### WHAT IS EXPECTED
Using the entries that follow, give the number of lines containing the string "thesis". Write nothing besides that number.

### RECORD EXTRACTS
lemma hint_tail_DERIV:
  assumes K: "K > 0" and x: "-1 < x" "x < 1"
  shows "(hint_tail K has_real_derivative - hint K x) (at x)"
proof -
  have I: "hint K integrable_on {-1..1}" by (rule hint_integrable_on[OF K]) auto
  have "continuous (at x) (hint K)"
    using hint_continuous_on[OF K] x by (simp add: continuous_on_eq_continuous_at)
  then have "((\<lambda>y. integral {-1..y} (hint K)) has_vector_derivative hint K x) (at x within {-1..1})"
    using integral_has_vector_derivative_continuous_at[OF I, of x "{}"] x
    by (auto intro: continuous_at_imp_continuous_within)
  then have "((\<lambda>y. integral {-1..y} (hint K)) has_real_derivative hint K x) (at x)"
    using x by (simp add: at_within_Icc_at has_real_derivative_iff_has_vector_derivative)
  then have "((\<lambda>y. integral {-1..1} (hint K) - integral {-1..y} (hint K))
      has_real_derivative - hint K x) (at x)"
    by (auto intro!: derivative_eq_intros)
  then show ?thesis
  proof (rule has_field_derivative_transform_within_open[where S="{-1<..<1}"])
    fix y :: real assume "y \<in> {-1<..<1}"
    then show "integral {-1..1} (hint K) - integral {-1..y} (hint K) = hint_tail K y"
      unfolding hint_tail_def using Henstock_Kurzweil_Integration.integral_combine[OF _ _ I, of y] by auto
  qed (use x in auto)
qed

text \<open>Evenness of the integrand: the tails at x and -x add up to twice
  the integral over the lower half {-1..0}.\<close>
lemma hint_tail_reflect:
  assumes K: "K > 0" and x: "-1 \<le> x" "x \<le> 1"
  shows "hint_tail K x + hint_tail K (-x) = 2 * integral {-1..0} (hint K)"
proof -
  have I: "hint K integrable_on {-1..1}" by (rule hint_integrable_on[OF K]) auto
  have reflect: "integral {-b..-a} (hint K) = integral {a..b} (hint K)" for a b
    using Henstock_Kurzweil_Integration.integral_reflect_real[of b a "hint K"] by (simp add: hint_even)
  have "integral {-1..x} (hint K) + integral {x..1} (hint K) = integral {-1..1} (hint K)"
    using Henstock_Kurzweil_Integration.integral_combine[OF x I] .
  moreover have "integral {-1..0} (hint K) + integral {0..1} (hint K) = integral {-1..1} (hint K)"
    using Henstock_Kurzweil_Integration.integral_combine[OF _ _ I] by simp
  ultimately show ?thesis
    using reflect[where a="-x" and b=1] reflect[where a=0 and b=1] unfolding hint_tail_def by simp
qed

* * *

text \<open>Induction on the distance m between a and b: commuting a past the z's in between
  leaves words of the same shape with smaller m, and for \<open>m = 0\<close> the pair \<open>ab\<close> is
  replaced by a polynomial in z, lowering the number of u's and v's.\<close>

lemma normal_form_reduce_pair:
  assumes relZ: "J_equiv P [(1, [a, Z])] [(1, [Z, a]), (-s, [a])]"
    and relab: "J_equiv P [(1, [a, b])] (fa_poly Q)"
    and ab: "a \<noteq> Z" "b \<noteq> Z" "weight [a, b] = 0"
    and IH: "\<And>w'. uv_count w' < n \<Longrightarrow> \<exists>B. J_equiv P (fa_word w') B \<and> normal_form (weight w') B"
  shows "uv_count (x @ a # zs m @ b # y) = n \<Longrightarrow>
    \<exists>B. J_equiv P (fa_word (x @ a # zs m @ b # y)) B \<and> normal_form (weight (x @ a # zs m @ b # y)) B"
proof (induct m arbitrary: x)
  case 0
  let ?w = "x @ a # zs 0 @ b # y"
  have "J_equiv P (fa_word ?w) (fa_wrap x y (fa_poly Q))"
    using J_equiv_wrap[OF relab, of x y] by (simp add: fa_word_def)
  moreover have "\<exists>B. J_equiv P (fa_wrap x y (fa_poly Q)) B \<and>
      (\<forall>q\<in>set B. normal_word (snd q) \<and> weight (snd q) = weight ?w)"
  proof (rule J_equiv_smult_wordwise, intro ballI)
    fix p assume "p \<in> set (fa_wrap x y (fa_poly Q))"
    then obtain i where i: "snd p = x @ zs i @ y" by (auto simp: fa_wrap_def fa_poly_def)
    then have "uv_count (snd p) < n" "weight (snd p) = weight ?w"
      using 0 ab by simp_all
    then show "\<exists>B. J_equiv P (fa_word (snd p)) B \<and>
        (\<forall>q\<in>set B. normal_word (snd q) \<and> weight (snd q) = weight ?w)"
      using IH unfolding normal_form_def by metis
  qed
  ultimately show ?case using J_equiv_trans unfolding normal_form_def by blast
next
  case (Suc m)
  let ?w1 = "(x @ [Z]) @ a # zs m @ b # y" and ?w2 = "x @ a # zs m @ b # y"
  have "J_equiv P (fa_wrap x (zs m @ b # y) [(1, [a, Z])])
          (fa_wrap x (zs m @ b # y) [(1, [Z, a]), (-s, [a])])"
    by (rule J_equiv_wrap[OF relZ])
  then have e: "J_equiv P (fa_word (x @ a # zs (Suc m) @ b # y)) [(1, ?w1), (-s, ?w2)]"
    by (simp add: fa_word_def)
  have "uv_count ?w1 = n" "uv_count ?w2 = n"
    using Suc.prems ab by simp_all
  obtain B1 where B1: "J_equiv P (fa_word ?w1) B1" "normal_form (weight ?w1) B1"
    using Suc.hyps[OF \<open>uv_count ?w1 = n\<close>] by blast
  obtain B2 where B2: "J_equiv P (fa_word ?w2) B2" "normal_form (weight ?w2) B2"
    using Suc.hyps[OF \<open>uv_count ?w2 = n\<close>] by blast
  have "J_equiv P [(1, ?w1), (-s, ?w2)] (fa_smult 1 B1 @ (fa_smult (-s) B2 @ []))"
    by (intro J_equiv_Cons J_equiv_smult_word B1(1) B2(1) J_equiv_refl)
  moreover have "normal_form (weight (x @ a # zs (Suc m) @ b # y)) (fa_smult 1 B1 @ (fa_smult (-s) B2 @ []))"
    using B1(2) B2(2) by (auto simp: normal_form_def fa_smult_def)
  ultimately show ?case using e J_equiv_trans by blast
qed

### SOLVED PROBLEM
2